Monday, July 16, 2018

Mark Shiffman vs. Cartesian Gnosticism



I’ve read First Things for years, but somehow I missed Mark Shiffman's brilliant 2015 takedown of transhumanism “Humanity 4.5”. The essay aims particularly at transhumanist Steve Fuller, but is strong and concise enough to be considered almost a manifesto.

For decades, even since high school in the 1980s, I've been deeply suspicious of our culture's tendency to see science and technology as means of transcendence.

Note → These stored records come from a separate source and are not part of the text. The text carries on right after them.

lemma two_le_length_iff: "2 \<le> length xs \<longleftrightarrow> xs \<noteq> [] \<and> length xs \<noteq> 1"
  by (cases xs) (auto simp: Suc_le_eq)

lemma nkids_simps [simp]:
  "nkids (Node c ts) [] = length ts" "nkids (Node c ts) (i # p) = nkids (ts ! i) p"
  by (simp_all add: nkids_def)

lemma vcol_simps [simp]:
  "vcol (Node c ts) [] = c" "vcol (Node c ts) (i # p) = vcol (ts ! i) p"
  by (simp_all add: vcol_def)

lemma unary_simps [simp]:
  "unary (Node c ts) [] \<longleftrightarrow> length ts = 1" "unary (Node c ts) (i # p) \<longleftrightarrow> unary (ts ! i) p"
  by (simp_all add: unary_def)

lemma nondeg_simps [simp]:
  "nondeg (Node c ts) [] \<longleftrightarrow> 2 \<le> length ts" "nondeg (Node c ts) (i # p) \<longleftrightarrow> nondeg (ts ! i) p"
  by (simp_all add: nondeg_def)

lemma is_leaf_simps [simp]:
  "is_leaf (Node c ts) [] \<longleftrightarrow> ts = []" "is_leaf (Node c ts) (i # p) \<longleftrightarrow> is_leaf (ts ! i) p"
  by (simp_all add: is_leaf_def)

lemma is_leaf_iff_kids: "is_leaf t p \<longleftrightarrow> kids (sub t p) = []"
  by (simp add: is_leaf_def nkids_def)

lemma nondeg_iff_kids: "nondeg t p \<longleftrightarrow> 2 \<le> length (kids (sub t p))"
  by (simp add: nondeg_def nkids_def)

lemma nondeg_not_leaf: "nondeg t p \<Longrightarrow> \<not> is_leaf t p"
  and nondeg_not_unary: "nondeg t p \<Longrightarrow> \<not> unary t p"
  by (simp_all add: nondeg_def is_leaf_def unary_def)

lemma unary_if_not_leaf_nondeg: "\<not> is_leaf t p \<Longrightarrow> \<not> nondeg t p \<Longrightarrow> unary t p"
  by (simp add: nondeg_def is_leaf_def unary_def)

lemma valid_Nil [simp]: "valid t []"
  by (cases t) simp_all

lemma verts_Nil [simp]: "[] \<in> verts t"
  and verts_Cons [simp]: "i # p \<in> verts (Node c ts) \<longleftrightarrow> i < length ts \<and> p \<in> verts (ts ! i)"
  by (simp_all add: verts_def)

lemma ball_verts_Node:
  "(\<forall>p\<in>verts (Node c ts). P p) \<longleftrightarrow> P [] \<and> (\<forall>i<length ts. \<forall>p\<in>verts (ts ! i). P (i # p))"
  by (auto simp: neq_Nil_conv) (metis list.exhaust verts_Cons)

lemma valid_append: "valid t (p @ q) \<longleftrightarrow> valid t p \<and> valid (sub t p) q"
  by (induction p arbitrary: t) (auto elim: valid.elims)

lemma finite_verts: "finite (verts t)"
proof (induction t)
  case (Node c ts)
  have "verts (Node c ts) \<subseteq> insert [] (\<Union>i<length ts. (#) i ` verts (ts ! i))"
  proof
    fix p assume "p \<in> verts (Node c ts)"
    then show "p \<in> insert [] (\<Union>i<length ts. (#) i ` verts (ts ! i))"
      by (cases p) auto
  qed
  then show ?case
    by (rule finite_subset) (use Node in auto)
qed

definition inner_verts :: "ctree \<Rightarrow> nat list set" where
  "inner_verts t = {p\<in>verts t. \<not> is_leaf t p}"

For many years, not surprisingly, I was unable to articulate my unease. (If I learned anything in my twenties, it was how deeply all of us are enculturated, virtually incapable of thinking outside the patterns set in us.) Into adulthood I kept following that unease, always remaining something of a half-Luddite. For as long as I can remember, I've recoiled at the sight of gadgets and new technologies those around me flock to. I don't regret this, because now I see more clearly the demons I previously only suspected.

What's great about Shiffman's essay is that it puts a lot of my half-formulated inklings (re: Nominalism/Descartes/techno-gnosticism) into nutshell form. Thus, again: something like a manifesto.

Interesting to contemplate is the question of why some of us feel repulsed by the technological vision, almost as a matter of disposition, while others (most of my contemporaries) embrace it wholeheartedly. If I'm flattering myself, I might attribute it to a certain depth, a better bullshit detection system, whatever. But really, it may largely be just temperamental. Or is it perhaps, as I sometimes think, a gift of grace, a whispering of sorts, to steer me clear?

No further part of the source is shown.